Since guarded commands are evaluated in the same address space as an 
instrumented program, their impact on the performance of the application 
is a concern. The syntax of the guarded command language (a postfix 
language called NPL) is tailored for fast and efficient evaluation, and so 
we do not expect programs to be written directly in this language. We 
are designing an object-oriented control language called Lomita [MCWB90] 
that can be used to describe the structure of the application and to specify 
its control behavior. A Lomita program contains a schema specifying the 
entity and aggregate structure along with their sensors and actuators. The 
control behavior of the application is specified in Lomita through the use of 
rules, where the conditions for the rule may include real-time interval logic 
expressions [SMSV83]. Such temporal expressions are compiled into finite 
state automata, where the state transitions are implemented using Meta 
guarded commands. 

Figure 1 illustrates the use of stubs. The machine Mi is running a server 
that has been instrumented, so there is a stub running in the same address 
space as this server that can directly access the sensors and actuators of the 
server. The machine is also running a separate Meta-supplied program ac- 
cessing the various properties of the machine and its operating system, such 
as the am ount of available memory and the processor load.

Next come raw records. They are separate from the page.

(* Let $f,g$ be test quantities and $\phi$ a posterior family for a model $\pi$ with data space $Y$ and parameter space $\Theta$, and let $h_y:\mathbb{R}\to\mathbb{R}$, $y\in Y$, be measurable functions with $f(\theta,y)=h_y(g(\theta,y))$ for all $y\in Y$, $\theta\in\Theta$. If either $h_y$ is strictly increasing for all $y\in Y$, or $h_y$ is strictly decreasing for all $y\in Y$, then (1) $\phi$ passes continuous SBC with respect to $f$ if and only if $\phi$ passes continuous SBC with respect to $g$; and (2) for every $M\in\mathbb{N}$, $\phi$ passes $M$-sample SBC with respect to $f$ if and only if $\phi$ passes $M$-sample SBC with respect to $g$.
   Context: Model $\pi$: prior density $\pi_{\text{prior}}(\theta)$ on $\Theta$, observation density $\pi_{\text{obs}}(y\mid\theta)$ on $Y$, $\pi_{\text{marg}}(y)=\int_\Theta\pi_{\text{obs}}(y\mid\theta)\pi_{\text{prior}}(\theta)\,\mathrm{d}\theta$, $\pi_{\text{post}}(\theta\mid y)=\pi_{\text{obs}}(y\mid\theta)\pi_{\text{prior}}(\theta)/\pi_{\text{marg}}(y)$. A posterior family is $\phi:\Theta\times Y\to\mathbb{R}^+$ with $\int_\Theta\phi(\theta\mid y)\,\mathrm{d}\theta=1$ for all $y$; a test quantity is a measurable $f:\Theta\times Y\to\mathbb{R}$. Sample quantities: for $M\in\mathbb{N}$, $\theta_1,\dots,\theta_M$ i.i.d. from $\phi(\cdot\mid y)$, $N^{\mathtt{less}}=\sum_m\mathbb{I}[f(\theta_m,y)<f(\tilde\theta,y)]$, $N^{\mathtt{equals}}=\sum_m\mathbb{I}[f(\theta_m,y)=f(\tilde\theta,y)]$, $K$ uniform on $\{0,\dots,N^{\mathtt{equals}}\}$, $N^{\mathtt{total}}=N^{\mathtt{less}}+K$; $R_{\phi,f}(i\mid\tilde\theta,y)=\Pr(N^{\mathtt{total}}\le i)$; $Q_{\phi,f}(i\mid y)=\int_\Theta\pi_{\text{post}}(\tilde\theta\mid y)R_{\phi,f}(i\mid\tilde\theta,y)\,\mathrm{d}\tilde\theta$; $\phi$ passes $M$-sample SBC w.r.t. $f$ if $\int_YQ_{\phi,f}(i\mid y)\pi_{\text{marg}}(y)\,\mathrm{d}y=\frac{i+1}{M+1}$ for all $i\in\{0,\dots,M-1\}$. Continuous quantities: $C_{\phi,f}(s\mid y)=\int_\Theta\mathbb{I}[f(\theta,y)\le s]\phi(\theta\mid y)\,\mathrm{d}\theta$, $D_{\phi,f}(s\mid y)=\int_\Theta\mathbb{I}[f(\theta,y)=s]\phi(\theta\mid y)\,\mathrm{d}\theta$; with $U\sim\mathrm{uniform}[0,1]$, $r_{\phi,f}(x\mid\tilde\theta,y)=\Pr\big(C_{\phi,f}(f(\tilde\theta,y)\mid y)-U\,D_{\phi,f}(f(\tilde\theta,y)\mid y)\le x\big)$, $q_{\phi,f}(x\mid y)=\int_\Theta\pi_{\text{post}}(\tilde\theta\mid y)r_{\phi,f}(x\mid\tilde\theta,y)\,\mathrm{d}\tilde\theta$; $\phi$ passes continuous SBC w.r.t. $f$ if $\int_Yq_{\phi,f}(x\mid y)\pi_{\text{marg}}(y)\,\mathrm{d}y=x$ for all $x\in[0,1]$. *)

theory Defs
  imports "HOL-Probability.Probability"
begin

(* Model: base measures Theta (for d theta) and Y (for d y),
   prior density  prior :: 'a => real,
   observation density obs y theta = pi_obs(y | theta),
   posterior family phi theta y = phi(theta | y),
   test quantity f theta y. *)

definition marg :: "'a measure \<Rightarrow> ('a \<Rightarrow> real) \<Rightarrow> ('b \<Rightarrow> 'a \<Rightarrow> real) \<Rightarrow> 'b \<Rightarrow> real" where
  "marg Th prior obs y = (\<integral>\<theta>. obs y \<theta> * prior \<theta> \<partial>Th)"

definition post :: "'a measure \<Rightarrow> ('a \<Rightarrow> real) \<Rightarrow> ('b \<Rightarrow> 'a \<Rightarrow> real) \<Rightarrow> 'a \<Rightarrow> 'b \<Rightarrow> real" where
  "post Th prior obs \<theta> y = obs y \<theta> * prior \<theta> / marg Th prior obs y"

definition N_less :: "nat \<Rightarrow> ('a \<Rightarrow> 'b \<Rightarrow> real) \<Rightarrow> (nat \<Rightarrow> 'a) \<Rightarrow> 'a \<Rightarrow> 'b \<Rightarrow> nat" where
  "N_less M f \<theta>s \<theta>t y = card {m \<in> {..<M}. f (\<theta>s m) y < f \<theta>t y}"

definition N_equals :: "nat \<Rightarrow> ('a \<Rightarrow> 'b \<Rightarrow> real) \<Rightarrow> (nat \<Rightarrow> 'a) \<Rightarrow> 'a \<Rightarrow> 'b \<Rightarrow> nat" where
  "N_equals M f \<theta>s \<theta>t y = card {m \<in> {..<M}. f (\<theta>s m) y = f \<theta>t y}"

definition sample_measure :: "'a measure \<Rightarrow> ('a \<Rightarrow> 'b \<Rightarrow> real) \<Rightarrow> nat \<Rightarrow> 'b \<Rightarrow> (nat \<Rightarrow> 'a) measure" where
  "sample_measure Th \<phi> M y = PiM {..<M} (\<lambda>_. density Th (\<lambda>\<theta>. ennreal (\<phi> \<theta> y)))"

definition R_SBC :: "'a measure \<Rightarrow> ('a \<Rightarrow> 'b \<Rightarrow> real) \<Rightarrow> ('a \<Rightarrow> 'b \<Rightarrow> real) \<Rightarrow> nat \<Rightarrow> nat \<Rightarrow> 'a \<Rightarrow> 'b \<Rightarrow> real" where
  "R_SBC Th \<phi> f M i \<theta>t y =
     (\<integral>\<theta>s. measure_pmf.prob (pmf_of_set {0..N_equals M f \<theta>s \<theta>t y})
                {k. N_less M f \<theta>s \<theta>t y + k \<le> i} \<partial>(sample_measure Th \<phi> M y))"

definition Q_SBC :: "'a measure \<Rightarrow> ('a \<Rightarrow> real) \<Rightarrow> ('b \<Rightarrow> 'a \<Rightarrow> real) \<Rightarrow> ('a \<Rightarrow> 'b \<Rightarrow> real) \<Rightarrow> ('a \<Rightarrow> 'b \<Rightarrow> real) \<Rightarrow> nat \<Rightarrow> nat \<Rightarrow> 'b \<Rightarrow> real" where
  "Q_SBC Th prior obs \<phi> f M i y = (\<integral>\<theta>t. post Th prior obs \<theta>t y * R_SBC Th \<phi> f M i \<theta>t y \<partial>Th)"

definition passes_M_SBC :: "'a measure \<Rightarrow> 'b measure \<Rightarrow> ('a \<Rightarrow> real) \<Rightarrow> ('b \<Rightarrow> 'a \<Rightarrow> real) \<Rightarrow> ('a \<Rightarrow> 'b \<Rightarrow> real) \<Rightarrow> nat \<Rightarrow> ('a \<Rightarrow> 'b \<Rightarrow> real) \<Rightarrow> bool" where
  "passes_M_SBC Th Y prior obs \<phi> M f \<longleftrightarrow>
     (\<forall>i < M. (\<integral>y. Q_SBC Th prior obs \<phi> f M i y * marg Th prior obs y \<partial>Y) = (real i + 1) / (real M + 1))"

definition C_SBC :: "'a measure \<Rightarrow> ('a \<Rightarrow> 'b \<Rightarrow> real) \<Rightarrow> ('a \<Rightarrow> 'b \<Rightarrow> real) \<Rightarrow> real \<Rightarrow> 'b \<Rightarrow> real" where
  "C_SBC Th \<phi> f s y = (\<integral>\<theta>. indicator {\<theta>. f \<theta> y \<le> s} \<theta> * \<phi> \<theta> y \<partial>Th)"

definition D_SBC :: "'a measure \<Rightarrow> ('a \<Rightarrow> 'b \<Rightarrow> real) \<Rightarrow> ('a \<Rightarrow> 'b \<Rightarrow> real) \<Rightarrow> real \<Rightarrow> 'b \<Rightarrow> real" where
  "D_SBC Th \<phi> f s y = (\<integral>\<theta>. indicator {\<theta>. f \<theta> y = s} \<theta> * \<phi> \<theta> y \<partial>Th)"

definition r_SBC :: "'a measure \<Rightarrow> ('a \<Rightarrow> 'b \<Rightarrow> real) \<Rightarrow> ('a \<Rightarrow> 'b \<Rightarrow> real) \<Rightarrow> real \<Rightarrow> 'a \<Rightarrow> 'b \<Rightarrow> real" where
  "r_SBC Th \<phi> f x \<theta>t y =
     measure (uniform_measure lborel {0..1::real})
       {u. C_SBC Th \<phi> f (f \<theta>t y) y - u * D_SBC Th \<phi> f (f \<theta>t y) y \<le> x}"

definition q_SBC :: "'a measure \<Rightarrow> ('a \<Rightarrow> real) \<Rightarrow> ('b \<Rightarrow> 'a \<Rightarrow> real) \<Rightarrow> ('a \<Rightarrow> 'b \<Rightarrow> real) \<Rightarrow> ('a \<Rightarrow> 'b \<Rightarrow> real) \<Rightarrow> real \<Rightarrow> 'b \<Rightarrow> real" where
  "q_SBC Th prior obs \<phi> f x y = (\<integral>\<theta>t. post Th prior obs \<theta>t y * r_SBC Th \<phi> f x \<theta>t y \<partial>Th)"

definition passes_cont_SBC :: "'a measure \<Rightarrow> 'b measure \<Rightarrow> ('a \<Rightarrow> real) \<Rightarrow> ('b \<Rightarrow> 'a \<Rightarrow> real) \<Rightarrow> ('a \<Rightarrow> 'b \<Rightarrow> real) \<Rightarrow> ('a \<Rightarrow> 'b \<Rightarrow> real) \<Rightarrow> bool" where
  "passes_cont_SBC Th Y prior obs \<phi> f \<longleftrightarrow>
     (\<forall>x \<in> {0..1}. (\<integral>y. q_SBC Th prior obs \<phi> f x y * marg Th prior obs y \<partial>Y) = x)"

end

theory Submission
  imports Defs
begin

This program is 
instrumented, and so has a stub that supports a set of sensors and actuators 
over the machine and operating system state. 

3 Application Instrumentation 

An application first must be instrumented before it can be controlled. This 
is accomplished by inserting into the application a small amount of code, 
and then lining the application with a Meta library. This section describes 
the instrumentation process in more detail.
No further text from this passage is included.